§ **Items from a dataset**

lemma superset_mass_star_approx_mono:
  assumes "stochastic P"
  shows "superset_mass (star_approx P n) a b \<le> superset_mass (star_approx P (Suc n)) a b"
proof (induction n arbitrary: a b)
  case 0
  have "superset_mass mat_id a b = (\<Sum>e\<in>UNIV. P a e * superset_mass mat_id a b)"
    using assms by (simp add: stochastic_row_sum flip: sum_distrib_right)
  also have "\<dots> \<le> (\<Sum>e\<in>UNIV. P a e * superset_mass mat_id e (b - a))"
    using assms by (intro sum_mono mult_left_mono) (auto simp: superset_mass_mat_id stochastic_nonneg)
  finally show ?case
    by (simp only: superset_mass_star_approx_Suc star_approx.simps(1))
next
  case (Suc n)
  then show ?case
    using assms
    unfolding superset_mass_star_approx_Suc[of P "Suc n"] superset_mass_star_approx_Suc[of P n]
    by (intro sum_mono mult_left_mono) (auto simp: stochastic_nonneg)
qed

lemma convergent_superset_mass_star_approx:
  assumes "stochastic P"
  shows "convergent (\<lambda>n. superset_mass (star_approx P n) a b)"
proof -
  have "incseq (\<lambda>n. superset_mass (star_approx P n) a b)"
    using superset_mass_star_approx_mono[OF assms] by (rule incseq_SucI)
  moreover have "superset_mass (star_approx P n) a b \<le> 1" for n
    using assms by (intro superset_mass_le_1 stochastic_star_approx)
  ultimately show ?thesis
    unfolding convergent_def by (meson incseq_convergent)
qed

lemma convergent_of_convergent_superset_mass:
  fixes X :: "nat \<Rightarrow> 'x \<Rightarrow> 'a::finite set \<Rightarrow> real"
  assumes "\<And>b. convergent (\<lambda>n. superset_mass (X n) a b)"
  shows "convergent (\<lambda>n. X n a b)"
proof (induction b rule: measure_induct_rule[where f="\<lambda>b. card (- b)"])
  case (less b)
  have supersets_convergent: "convergent (\<lambda>n. \<Sum>c | b \<subset> c. X n a c)"
  proof (intro convergent_sum less)
    fix c assume "c \<in> {c. b \<subset> c}"
    then show "card (- c) < card (- b)"
      by (intro psubset_card_mono) auto
  qed
  have eq: "X n a b = superset_mass (X n) a b - (\<Sum>c | b \<subset> c. X n a c)" for n
  proof -
    have "{c. b \<subseteq> c} = insert b {c. b \<subset> c}"
      by auto
    then show ?thesis
      by (simp add: superset_mass_def)
  qed
  have "convergent (\<lambda>n. superset_mass (X n) a b - (\<Sum>c | b \<subset> c. X n a c))"
    using assms supersets_convergent by (rule convergent_diff)
  with eq show ?case
    by simp
qed

lemma stochastic_limit:
  assumes "\<And>n. stochastic (X n)" and "\<And>a b. (\<lambda>n. X n a b) \<longlonglongrightarrow> L a b"
  shows "stochastic L"
proof (rule stochasticI)
  show "0 \<le> L a b" for a b
    using assms by (intro LIMSEQ_le_const[OF assms(2)]) (simp add: stochastic_nonneg)
  fix a
  have "(\<lambda>n. \<Sum>b\<in>UNIV. X n a b) \<longlonglongrightarrow> (\<Sum>b\<in>UNIV. L a b)"
    by (intro tendsto_sum assms(2))
  with assms(1) show "(\<Sum>b\<in>UNIV. L a b) = 1"
    by (simp add: stochastic_row_sum LIMSEQ_const_iff)
qed

lemma stochastic_lim_star_approx:
  assumes "stochastic P"
  shows "stochastic (\<lambda>a b. lim (\<lambda>n. star_approx P n a b))"
proof (rule stochastic_limit)
  show "stochastic (star_approx P n)" for n
    using assms by (rule stochastic_star_approx)
  show "(\<lambda>n. star_approx P n a b) \<longlonglongrightarrow> lim (\<lambda>n. star_approx P n a b)" for a b
    using convergent_of_convergent_superset_mass[OF convergent_superset_mass_star_approx[OF assms]]
    by (simp add: convergent_LIMSEQ_iff)
qed

lemma stochastic_B: "wf_prog p \<Longrightarrow> stochastic (B p)"
proof (induction p)
  case (Filter t)
  then show ?case
    by (simp add: stochastic_Bpred)
next
  case (Assign f n)
  then show ?case
    by (simp add: stochastic_def)
qed (simp_all add: stochastic_mat_par stochastic_mat_mult stochastic_convex_combination
    stochastic_lim_star_approx)

lemma stochastic_S:
  assumes "stochastic (B p)"
  shows "stochastic (S p)"
proof (rule stochasticI)
  show "0 \<le> S p s t" for s t
    using assms by (auto simp: S_def stochastic_nonneg case_prod_beta)
  fix s :: "('a, 'b) pk set \<times> ('a, 'b) pk set"
  obtain a b where s: "s = (a, b)"
    by fastforce
  have "(\<Sum>t\<in>UNIV. S p s t) = (\<Sum>a'\<in>UNIV. \<Sum>b'\<in>UNIV. of_bool (b' = b \<union> a) * B p a a')"
    unfolding s S_def sum.cartesian_product UNIV_Times_UNIV by (simp add: case_prod_beta)
  also have "\<dots> = (\<Sum>a'\<in>UNIV. B p a a')"
    by simp
  also have "\<dots> = 1"
    using assms by (rule stochastic_row_sum)
  finally show "(\<Sum>t\<in>UNIV. S p s t) = 1" .
qed

theorem lemma4p1:
  fixes p :: "('f::finite, 'v::finite) prog"
  assumes "wf_prog p"
  shows "(\<forall>s t. 0 \<le> S p s t) \<and> (\<forall>s. (\<Sum>t\<in>UNIV. S p s t) = 1)"
  using stochastic_S[OF stochastic_B[OF assms]] unfolding stochastic_def .

end
lemma color_not_forbidden_everywhere:
  assumes f: "bij_betw f N {1..d}" and U: "U \<subseteq> N" and u: "u \<in> N" "u \<notin> U"
    and c: "\<forall>u'\<in>U. bij_betw c (A u') ({1..d} - {f u'})"
    and i: "i \<in> {1..d} - {f u}"
  shows "\<exists>w\<in>A u. \<forall>w'\<in>\<Union> (A ` U). E w w' \<longrightarrow> c w' \<noteq> i"
proof (rule ccontr)
  assume "\<not> ?thesis"
  then have "\<forall>w\<in>A u. \<exists>u'\<in>U. \<exists>w'\<in>A u'. E w w' \<and> c w' = i" by blast
  then obtain g p where gp: "\<And>w. w \<in> A u \<Longrightarrow> g w \<in> U \<and> p w \<in> A (g w) \<and> E w (p w) \<and> c (p w) = i"
    by metis
  txt \<open>The part of the second layer containing the i-colored neighbour determines w.\<close>
  have "inj_on (f \<circ> g) (A u)"
  proof (rule inj_onI)
    fix w1 w2 assume w: "w1 \<in> A u" "w2 \<in> A u" "(f \<circ> g) w1 = (f \<circ> g) w2"
    then have "g w1 = g w2"
      using f gp U unfolding bij_betw_def inj_on_def by (metis comp_apply subsetD)
    moreover have "inj_on c (A (g w1))" using c gp w(1) unfolding bij_betw_def by blast
    ultimately have "p w1 = p w2" using gp w(1,2) unfolding inj_on_def by metis
    moreover have "g w1 \<in> N" "p w1 \<in> A (g w1)" "E (p w1) w1" "E (p w2) w2"
      using gp w(1,2) U edge_sym by auto
    ultimately show "w1 = w2"
      using A_neighbour_unique[of "g w1" u u "p w1" w1 w2] w(1,2) u(1) by simp
  qed
  have "(f \<circ> g) ` A u \<subseteq> {1..d} - {f u, i}"
  proof
    fix y assume "y \<in> (f \<circ> g) ` A u"
    then obtain w where w: "w \<in> A u" "y = f (g w)" by auto
    have "g w \<in> N" "g w \<noteq> u" using gp[OF w(1)] U u(2) by auto
    then have "f (g w) \<in> {1..d} - {f u}"
      using f u(1) bij_betwE bij_betw_imp_inj_on[THEN inj_on_eq_iff] by fastforce
    moreover have "i \<in> {1..d} - {f (g w)}" using c gp[OF w(1)] bij_betwE by metis
    ultimately show "y \<in> {1..d} - {f u, i}" using w(2) by auto
  qed
  then have "card ((f \<circ> g) ` A u) \<le> card ({1..d} - {f u, i})"
    by (intro card_mono) auto
  also have "\<dots> = d - 2"
    using i bij_betwE[OF f] u(1) by (subst card_Diff_subset) auto
  finally show False
    using card_image[OF \<open>inj_on (f \<circ> g) (A u)\<close>] card_A[OF u(1)] two_le_d by linarith
qed

lemma A_coloring_avoiding_exists:
  assumes f: "bij_betw f N {1..d}" and U: "U \<subseteq> N" and u: "u \<in> N" "u \<notin> U"
    and c: "\<forall>u'\<in>U. bij_betw c (A u') ({1..d} - {f u'})"
  shows "\<exists>\<sigma>. bij_betw \<sigma> (A u) ({1..d} - {f u}) \<and>
    (\<forall>w\<in>A u. \<forall>w'\<in>\<Union> (A ` U). E w w' \<longrightarrow> c w' \<noteq> \<sigma> w)"
proof -
  define forb where "forb w j \<longleftrightarrow> (\<exists>w'\<in>\<Union> (A ` U). E w w' \<and> c w' = j)" for w j
  have "f u \<in> {1..d}" using bij_betwE[OF f] u(1) by blast
  have "\<exists>\<sigma>. bij_betw \<sigma> (A u) ({1..d} - {f u}) \<and> (\<forall>w\<in>A u. \<not> forb w (\<sigma> w))"
  proof (rule bij_betw_avoiding_forbidden)
    show "0 < card ({1..d} - {f u})" "card (A u) = card ({1..d} - {f u})"
      using \<open>f u \<in> {1..d}\<close> two_le_d card_A[OF u(1)] by auto
    show "j = j'" if w: "w \<in> A u" and forb: "forb w j" "forb w j'" for w j j'
    proof -
      obtain u1 w1 u2 w2 where "u1 \<in> U" "w1 \<in> A u1" "E w w1" "c w1 = j"
        and "u2 \<in> U" "w2 \<in> A u2" "E w w2" "c w2 = j'"
        using forb unfolding forb_def by blast
      moreover have "u1 \<in> N" "u2 \<in> N" using \<open>u1 \<in> U\<close> \<open>u2 \<in> U\<close> U by auto
      ultimately have "w1 = w2" using A_neighbour_unique[of u u1 u2 w w1 w2] w u(1) by blast
      then show "j = j'" using \<open>c w1 = j\<close> \<open>c w2 = j'\<close> by simp
    qed
    show "\<exists>w\<in>A u. \<not> forb w j" if j: "j \<in> {1..d} - {f u}" for j
    proof -
      obtain w where "w \<in> A u" "\<forall>w'\<in>\<Union> (A ` U). E w w' \<longrightarrow> c w' \<noteq> j"
        using color_not_forbidden_everywhere[OF f U u c j] by blast
      then show ?thesis unfolding forb_def by blast
    qed
  qed
  then show ?thesis unfolding forb_def by blast
qed

lemma second_layer_coloring_insert:
  assumes f: "bij_betw f N {1..d}" and U: "U \<subseteq> N" and u: "u \<in> N" "u \<notin> U"
    and c: "second_layer_coloring f U c"
  shows "\<exists>c'. second_layer_coloring f (insert u U) c'"
proof -
  have c_bij: "\<forall>u'\<in>U. bij_betw c (A u') ({1..d} - {f u'})"
    and c_proper: "proper_coloring (\<Union> (A ` U)) E d c"
    using c unfolding second_layer_coloring_def by blast+
  obtain \<sigma> where \<sigma>: "bij_betw \<sigma> (A u) ({1..d} - {f u})"
    and avoids: "\<And>w w'. w \<in> A u \<Longrightarrow> w' \<in> \<Union> (A ` U) \<Longrightarrow> E w w' \<Longrightarrow> c w' \<noteq> \<sigma> w"
    using A_coloring_avoiding_exists[OF f U u c_bij] by blast
  define c' where "c' x = (if x \<in> A u then \<sigma> x else c x)" for x
  have c'_new: "c' w = \<sigma> w" if "w \<in> A u" for w
    using that unfolding c'_def by simp
  have c'_old: "c' w = c w" if w: "w \<in> \<Union> (A ` U)" for w
  proof -
    obtain u' where "u' \<in> U" "w \<in> A u'" using w by blast
    then have "w \<notin> A u" using A_disjoint[of u' u w] U u by blast
    then show ?thesis unfolding c'_def by simp
  qed
  have "bij_betw c' (A u') ({1..d} - {f u'})" if "u' \<in> insert u U" for u'
  proof (cases "u' = u")
    case True
    then show ?thesis using \<sigma> bij_betw_cong[of "A u" c' \<sigma>] c'_new by simp
  next
    case False
    then have "u' \<in> U" using that by blast
    moreover have "\<forall>w\<in>A u'. c' w = c w" using \<open>u' \<in> U\<close> c'_old by blast
    ultimately show ?thesis using c_bij bij_betw_cong[of "A u'" c' c] by simp
  qed
  moreover have "proper_coloring (A u \<union> \<Union> (A ` U)) E d c'"
  proof (rule proper_coloring_Un)
    show "proper_coloring (A u) E d c'"
      using bij_betwE[OF \<sigma>] c'_new A_independent unfolding proper_coloring_def by auto
    show "proper_coloring (\<Union> (A ` U)) E d c'"
      using c_proper proper_coloring_cong[of "\<Union> (A ` U)" c' c] c'_old by simp
    show "c' x \<noteq> c' y" if "x \<in> A u" "y \<in> \<Union> (A ` U)" "E x y \<or> E y x" for x y
      using avoids[OF that(1,2)] c'_new[OF that(1)] c'_old[OF that(2)] that(3) edge_sym by metis
  qed
  ultimately show ?thesis unfolding second_layer_coloring_def by auto
qed
lemma abs_coeff_B_diff_le:
  "\<bar>coeff_B t d - coeff_B t' d\<bar>
    \<le> (2 + 2 * real d / pi + real d + real d * (real d - 1) / (2 * pi)) * (\<delta> / pi)"
proof -
  have "\<bar>coeff_B t d - coeff_B t' d\<bar> \<le> \<bar>2 * sin (t d) / pi - 2 * sin (t' d) / pi\<bar>
      + (\<bar>(pi - 2 * t d) / pi - (pi - 2 * t' d) / pi\<bar> * \<bar>coeff_S t d\<bar>
        + \<bar>(pi - 2 * t' d) / pi\<bar> * \<bar>coeff_S t d - coeff_S t' d\<bar>)"
    unfolding coeff_B_def
    by (rule order_trans[OF _ add_left_mono[OF abs_mult_diff_le]]) (simp add: abs_triangle_ineq)
  also have "\<dots> \<le> 2 * (\<delta> / pi) + (2 * (\<delta> / pi) * (d / pi)
      + 1 * ((real d + real d * (real d - 1) / (2 * pi)) * (\<delta> / pi)))"
    using abs_scaled_sin_diff_le[of 2 d] abs_angle_factor_diff_le[of d]
      abs_coeff_S_le[of t, OF t_bounds] angle_factor_bounds(3)[OF t'_bounds] abs_coeff_S_diff_le delta_nonneg pi_gt_zero
    by (intro add_mono mult_mono) simp_all
  finally show ?thesis by (simp add: algebra_simps)
qed

lemma coeff_diff_sum_le:
  assumes "\<delta> \<le> pi * E"
  shows "\<bar>coeff_A t d - coeff_A t' d\<bar> + \<bar>coeff_B t d - coeff_B t' d\<bar> + \<bar>coeff_B t' d\<bar> * E
    \<le> (2 * real d ^ 2 + (10 * pi + 8) * real d + 20 * pi) / pi\<^sup>2 * E"
proof -
  define c where "c = real d + 2 + (2 + 2 * real d / pi + real d + real d * (real d - 1) / (2 * pi))"
  have "\<delta> / pi \<le> E" using assms pi_gt_zero by (simp add: divide_le_eq mult.commute)
  moreover have "0 \<le> \<delta> / pi" using delta_nonneg by simp
  ultimately have "0 \<le> E" by linarith
  have "0 \<le> real d * (real d - 1)" by (cases d) auto
  then have "0 \<le> c" using pi_gt_zero by (simp add: c_def)
  have "\<bar>coeff_A t d - coeff_A t' d\<bar> + \<bar>coeff_B t d - coeff_B t' d\<bar>
      \<le> (real d + 2) * (\<delta> / pi)
        + (2 + 2 * real d / pi + real d + real d * (real d - 1) / (2 * pi)) * (\<delta> / pi)"
    by (rule add_mono[OF abs_coeff_A_diff_le abs_coeff_B_diff_le])
  also have "\<dots> = c * (\<delta> / pi)" unfolding c_def by (rule distrib_right[symmetric])
  also have "\<dots> \<le> c * E" using \<open>\<delta> / pi \<le> E\<close> \<open>0 \<le> c\<close> by (rule mult_left_mono)
  moreover have "\<bar>coeff_B t' d\<bar> * E \<le> (real d + 2) / pi * E"
    using abs_coeff_B_le[of t', OF t'_bounds] \<open>0 \<le> E\<close> by (rule mult_right_mono)
  ultimately have "\<bar>coeff_A t d - coeff_A t' d\<bar> + \<bar>coeff_B t d - coeff_B t' d\<bar> + \<bar>coeff_B t' d\<bar> * E
      \<le> (c + (real d + 2) / pi) * E"
    unfolding distrib_right by linarith
  also have "\<dots> \<le> (2 * real d ^ 2 + (10 * pi + 8) * real d + 20 * pi) / pi\<^sup>2 * E"
  proof (rule mult_right_mono[OF _ \<open>0 \<le> E\<close>])
    show "c + (real d + 2) / pi \<le> (2 * real d ^ 2 + (10 * pi + 8) * real d + 20 * pi) / pi\<^sup>2"
      using coeff_constant_le[of "real d"] pi_gt_zero
      by (simp add: c_def le_divide_eq mult.commute algebra_simps)
  qed
  finally show ?thesis .
qed

end

lemma norm_h_vec_diff_le:
  fixes xs x y :: "'a::real_inner" and d :: nat
  assumes "xs \<noteq> 0" "x \<noteq> 0" "y \<noteq> 0"
  shows "norm (h_vec xs d x - h_vec xs d y)
    \<le> ((2 * real d ^ 2 + (10 * pi + 8) * real d + 20 * pi) * norm xs / (pi ^ 2 * 2 ^ d)
        * max (1 / norm x) (1 / norm y) + 1 / 2 ^ d) * norm (x - y)"
proof -
  define K where "K = 2 * real d ^ 2 + (10 * pi + 8) * real d + 20 * pi"
  define E where "E = norm (sgn x - sgn y)"
  interpret angle_seq_pair "\<lambda>i. theta_bar xs i x" "\<lambda>i. theta_bar xs i y"
    "\<bar>theta_bar xs 0 x - theta_bar xs 0 y\<bar>"
    using theta_bar_bounds theta_bar_diff_le by unfold_locales auto
  have "\<bar>theta_bar xs 0 x - theta_bar xs 0 y\<bar> \<le> pi * E"
    using abs_vec_angle_diff_le[OF assms(2,3,1)] by (simp add: E_def)
  note coeffs = coeff_diff_sum_le[OF this, of d, folded K_def]
  have "norm (h_vec xs d x - h_vec xs d y) \<le> norm (x - y) / 2 ^ d + norm xs / 2 ^ d
      * (\<bar>coeff_A (\<lambda>i. theta_bar xs i x) d - coeff_A (\<lambda>i. theta_bar xs i y) d\<bar>
        + \<bar>coeff_B (\<lambda>i. theta_bar xs i x) d - coeff_B (\<lambda>i. theta_bar xs i y) d\<bar>
        + \<bar>coeff_B (\<lambda>i. theta_bar xs i y) d\<bar> * E)"
    unfolding E_def by (rule norm_h_vec_diff_le_coeffs[OF assms(2,3)])
  also have "\<dots> \<le> norm (x - y) / 2 ^ d + norm xs / 2 ^ d * (K / pi\<^sup>2 * E)"
    using coeffs by (intro add_left_mono mult_left_mono) simp_all
  also have "\<dots> \<le> norm (x - y) / 2 ^ d
      + norm xs / 2 ^ d * (K / pi\<^sup>2 * (norm (x - y) * max (1 / norm x) (1 / norm y)))"
    using norm_sgn_diff_le[OF assms(2,3)] pi_gt_zero
    by (intro add_left_mono mult_left_mono) (auto simp: E_def K_def)
  also have "\<dots>
      = (K * norm xs / (pi ^ 2 * 2 ^ d) * max (1 / norm x) (1 / norm y) + 1 / 2 ^ d) * norm (x - y)"
    by (simp add: field_simps)
  finally show ?thesis unfolding K_def .
qed

lemma mult_max_inverse_le:
  fixes a b c r :: real
  assumes "0 < r" "0 \<le> c" "r * c < a" "r * c < b"
  shows "c * max (1 / a) (1 / b) \<le> 1 / r"
proof -
  have "c / z \<le> 1 / r" if "r * c < z" for z
  proof -
    have "0 \<le> r * c" using assms(1,2) by simp
    then have "0 < z" using that by linarith
    then show ?thesis using that assms(1) by (simp add: field_simps)
  qed
  then show ?thesis using assms by (simp add: max_def)
qed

§ **PROBLEM DESCRIPTION**
Give only a number, namely how many lines in the entries above hold the word "metis".

§ **ANSWER BELOW**
5